The National Living Wage will increase by more than a pound an hour from April, the Treasury announced today.
Chancellor Jeremy Hunt said that the pay threshold will rise from £10.42 per hour to £11.44, the largest increase in more than a decade.
It was announced tonight on the eve of his Autumn Statement tomorrow.
It will also be extended to 21-year-olds for the first time, meaning overall a pay rise of £1,800 a year for a full-time worker.
National minimum wage for 18 to 20-year-olds will also increase by £1.11 to £8.60 per hour, the Government has said.
Apprentices will have their minimum hourly rates boosted, with an 18-year-old in an industry like construction seeing their minimum hourly pay increase by over 20 per cent, going from £5.28 to £6.40 an hour.
Chancellor Jeremy Hunt said that the pay threshold will rise from £10.42 per hour to £11.44, the largest increase in more than a decade.
It will also be extended to 21-year-olds for the first time, meaning overall a pay rise of £1,800 a year for a full-time worker.
The National Living Wage has risen from £7.20 when it was first introduced in April 2016 to £11.44 next year
Mr Hunt said: ‘Next April all full-time workers on the National Living Wage will get a pay rise of over £1,800-a-year. That will end low pay in this country, delivering on our manifesto promise.
‘The National Living Wage has helped halve the number of people on low pay since 2010, making sure work always pays.’
Mr Hunt and PM Rishi Sunak are splashing out to save the election with the Autumn Statement tomorrow set to include tax cuts as well as hiking pensions and benefits.
The PM and Chancellor Jeremy Hunt have signed off on what has been described as a ‘Thatcherite’ package expected to include trimming national insurance – with more promised for next Spring.
Mr Hunt will use some ‘headroom’ from higher-than-predicted revenues and dipping inflation to start reducing the burden.
However, while there will be a drive to get millions of people off benefits and back to work, ministers have retreated from suggestions handouts will be uprated by less than the September inflation number normally used.
The triple lock on state pensions is also set to be maintained, meaning recipients are in line for an 8.5 per cent increase.
Despite the bullish approach, the grim context for the fiscal announcements was laid bare this morning with official figures showing the UK’s debt mountain at £2.6trillion.
Public sector net borrowing stood at £14.9billion last month, £4.4billion more than a year earlier and the highest on record outside of Covid.
Bank of England governor Andrew Bailey appeared to play down worries that tax cuts could fuel inflation today, stressing that the Treasury watchdog will give a verdict on the numbers – unlike with Liz Truss’s mini-Budget.

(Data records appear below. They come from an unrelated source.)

lemma lattice_nbrs_sym:
  assumes "lattice_nbrs d x y"
  shows "lattice_nbrs d y x"
proof -
  obtain i s where i: "i < d" and s: "s \<in> {1, -1}" and dir: "(\<lambda>k. y k - x k) = (\<lambda>k. if k = i then s else 0)"
    using assms unfolding lattice_nbrs_def unit_dirs_def by blast
  have neg: "(\<lambda>k. x k - y k) = (\<lambda>k. if k = i then - s else 0)"
  proof
    fix k
    have "y k - x k = (if k = i then s else 0)" using fun_cong[OF dir, of k] by simp
    then show "x k - y k = (if k = i then - s else 0)" by (cases "k = i") simp_all
  qed
  have "- s \<in> {1, -1}" using s by auto
  with i neg assms show ?thesis
    unfolding lattice_nbrs_def unit_dirs_def by blast
qed

lemma exits_crossings_bound:
  assumes d: "0 < d"
    and e: "bij_betw e {..<2 * d} (unit_dirs d)"
    and settle: "\<exists>t. rr_settled (rr_run d e \<rho>0 t) = n"
    and nbrs: "lattice_nbrs d x y"
  shows "\<bar>int (exits d e \<rho>0 n x) - 2 * int d * int (crossings d e \<rho>0 n x y)\<bar> \<le> 2 * int d - 1"
proof -
  obtain L where L: "\<And>t. rr_settled (rr_run d e \<rho>0 t) < n \<longleftrightarrow> t < L"
    using active_interval[OF settle] by blast
  obtain j where j: "j < 2 * d" "e j = (\<lambda>i. y i - x i)"
    using neighbour_direction_index[OF e nbrs] by blast
  have inj: "inj_on e {..<2 * d}"
    using e by (simp add: bij_betw_def)
  show ?thesis
    using residue_window_bounds[of "2 * d" j "exits d e \<rho>0 n x" "\<rho>0 x + 1"] d j(1)
    unfolding crossings_eq_residue_count[OF L inj d j] by simp
qed

theorem lemma5p1:
  fixes d n :: nat and e :: "nat \<Rightarrow> pt" and \<rho>0 :: "pt \<Rightarrow> nat" and x y :: pt
  assumes "d \<ge> 2" and "n \<ge> 1"
    and "bij_betw e {..<2 * d} (unit_dirs d)"
    and "\<forall>z\<in>zd d. \<rho>0 z < 2 * d"
    and "\<exists>t. rr_settled (rr_run d e \<rho>0 t) = n"
    and "lattice_nbrs d x y"
  shows "\<bar>int (exits d e \<rho>0 n y) - int (exits d e \<rho>0 n x) + 2 * int d * kappa d e \<rho>0 n x y\<bar>
           \<le> 4 * int d - 2"
proof -
  have d: "0 < d" using assms(1) by simp
  have "\<bar>int (exits d e \<rho>0 n x) - 2 * int d * int (crossings d e \<rho>0 n x y)\<bar> \<le> 2 * int d - 1"
    using exits_crossings_bound[OF d assms(3,5,6)] .
  moreover have "\<bar>int (exits d e \<rho>0 n y) - 2 * int d * int (crossings d e \<rho>0 n y x)\<bar> \<le> 2 * int d - 1"
    using exits_crossings_bound[OF d assms(3,5) lattice_nbrs_sym[OF assms(6)]] .
  ultimately show ?thesis
    unfolding kappa_def abs_le_iff right_diff_distrib by linarith
qed

end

While insisting he could not ‘speculate’ on what was coming in the Autumn Statement, Mr Bailey said: ‘The big difference between tomorrow and what happened a year ago is that the OBR is involved.’
Kate Smith, head of pensions at Aegon, welcomed today’s confirmation that the National Living Wage will rise next April.
She said: ‘Raising the National Living Wage to £11.44 an hour, a massive 9.8 per cent increase, will bring much-needed financial relief to low-income earners, significantly boosting their earning power and help to alleviate the burden of rising living costs.
‘At almost 10 per cent, this is significantly higher than the most recent increases in national average earnings of 7.9 per cent and September CPI of 6.7 per cent used to increase most benefits.
‘And the added bonus is that this rate will also apply to 21 and 22 year olds for the first time, giving this group a pay rise of over 12 per cent.
‘However this still falls short of the real Living Wage which is £13.15 an hour in London and £12 an hour for the rest of the UK, which many employers have signed up to.
‘A hidden benefit is that the increase in the National Living Wage will also have a positive impact on pension contributions, enabling employees to build up larger pension pots for a more secure retirement.’